_Your objective:_
Looking at the listing below, retype exactly the lines starting at the one containing "using W(1,2) by" and ending at the one containing "i \<subseteq> K", both included, and nothing else.

_Recorded data:_
theorem theorem1:
  fixes M :: "'w measure" and X :: "'w \<Rightarrow> real ^ 'm"
  assumes "prob_space M"
    and "X \<in> borel_measurable M"
    and "CARD('n) \<le> CARD('m)"
    and "ereal (real CARD('n)) > description_complexity M X"
  shows "\<exists>g :: (real ^ 'm ^ 'n) \<times> (real ^ 'n) \<Rightarrow> real ^ 'm.
           g \<in> borel_measurable borel \<and>
           (AE A in lebesgue.
              measure M {\<omega> \<in> space M. g (A, A *v X \<omega>) \<noteq> X \<omega>} = 0)"
proof -
  obtain W :: "nat \<Rightarrow> (real^'m) set" where W: "\<And>i. W i \<noteq> {}" "\<And>i. bounded (W i)"
      "\<And>i. lower_box_dim (W i) < ereal (real CARD('n))" and supp: "AE \<omega> in M. X \<omega> \<in> (\<Union>i. W i)"
    using description_complexity_lessE[OF assms(1)] assms(4) by blast
  define K where "K i = closure (W i)" for i
  have K: "compact (K i)" "K i \<noteq> {}" for i
    using W(1,2) by (simp_all add: K_def compact_closure)
  obtain d :: "nat \<Rightarrow> nat \<Rightarrow> real^'m"
    where d: "\<And>i. range (d i) \<subseteq> K i" "\<And>i. K i \<subseteq> closure (range (d i))"
    using dense_sequences_exist[of K, OF K(2)] by metis
  have "W i \<subseteq> K i" for i
    using closure_subset by (simp add: K_def)
  with supp have supp_K: "AE \<omega> in M. X \<omega> \<in> (\<Union>i. K i)"
    by (elim eventually_mono) blast
  have "negligible {A::real^'m^'n. collision K A z}" for z
    unfolding K_def using W(3) by (rule negligible_collision)
  then have "AE A in lborel. AE \<omega> in M. \<not> collision K (A::real^'m^'n) (X \<omega>)"
    by (rule AE_no_collision[OF prob_space_imp_sigma_finite[OF assms(1)] assms(2) K(1)])
  then have "AE A in lborel. measure M {\<omega> \<in> space M. decoder d (A::real^'m^'n, A *v X \<omega>) \<noteq> X \<omega>} = 0"
    by (elim eventually_mono) (intro AE_imp_measure_not_0 AE_decoder_eq[OF K(1) d supp_K])
  then show ?thesis
    by (intro exI[of _ "decoder d"] conjI decoder_borel_measurable AE_completion)
qed

end
(* Let $K$ be a number field with ring of integers $R$, let $0\ne a\in R$, and let $D$ be either $R[1/a]\{t\}$ or $R[1/a][[t]]$. Then the localization of $D$ at the multiplicative set $R\{t\}\setminus\{0\}$ is a field; equivalently, for every $g\in D$ there exists $0\ne h\in D$ with $gh\in R\{t\}$.
   Context: For $x\in K$ put $\|x\|=\max_{\sigma\in\operatorname{Hom}(K,\mathbb{C})}|\sigma(x)|$, and for a subring $S\subseteq K$ let $S\{t\}=\{\sum_{n\ge0}a_nt^n\in S[[t]]:\limsup_n\|a_n\|^{1/n}\le1\}$. All rings are viewed inside $K[[t]]$. *)

theory Defs
  imports "HOL-Analysis.Analysis" "HOL-Computational_Algebra.Computational_Algebra"
begin

text \<open>A number field, realised (without loss of generality) as a subfield of the
complex numbers that is finite-dimensional over the rationals.\<close>
definition number_field :: "complex set \<Rightarrow> bool" where
  "number_field K \<longleftrightarrow>
     0 \<in> K \<and> 1 \<in> K \<and>
     (\<forall>x\<in>K. \<forall>y\<in>K. x + y \<in> K \<and> x * y \<in> K \<and> - x \<in> K) \<and>
     (\<forall>x\<in>K. x \<noteq> 0 \<longrightarrow> inverse x \<in> K) \<and>
     (\<exists>B. finite B \<and> B \<subseteq> K \<and>
        (\<forall>x\<in>K. \<exists>c :: complex \<Rightarrow> rat. x = (\<Sum>b\<in>B. of_rat (c b) * b)))"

_Result of this exercise:_
    using W(1,2) by (simp_all add: K_def compact_closure)
  obtain d :: "nat \<Rightarrow> nat \<Rightarrow> real^'m"
    where d: "\<And>i. range (d i) \<subseteq> K i" "\<And>i. K i \<subseteq> closure (range (d i))"
    using dense_sequences_exist[of K, OF K(2)] by metis
  have "W i \<subseteq> K i" for i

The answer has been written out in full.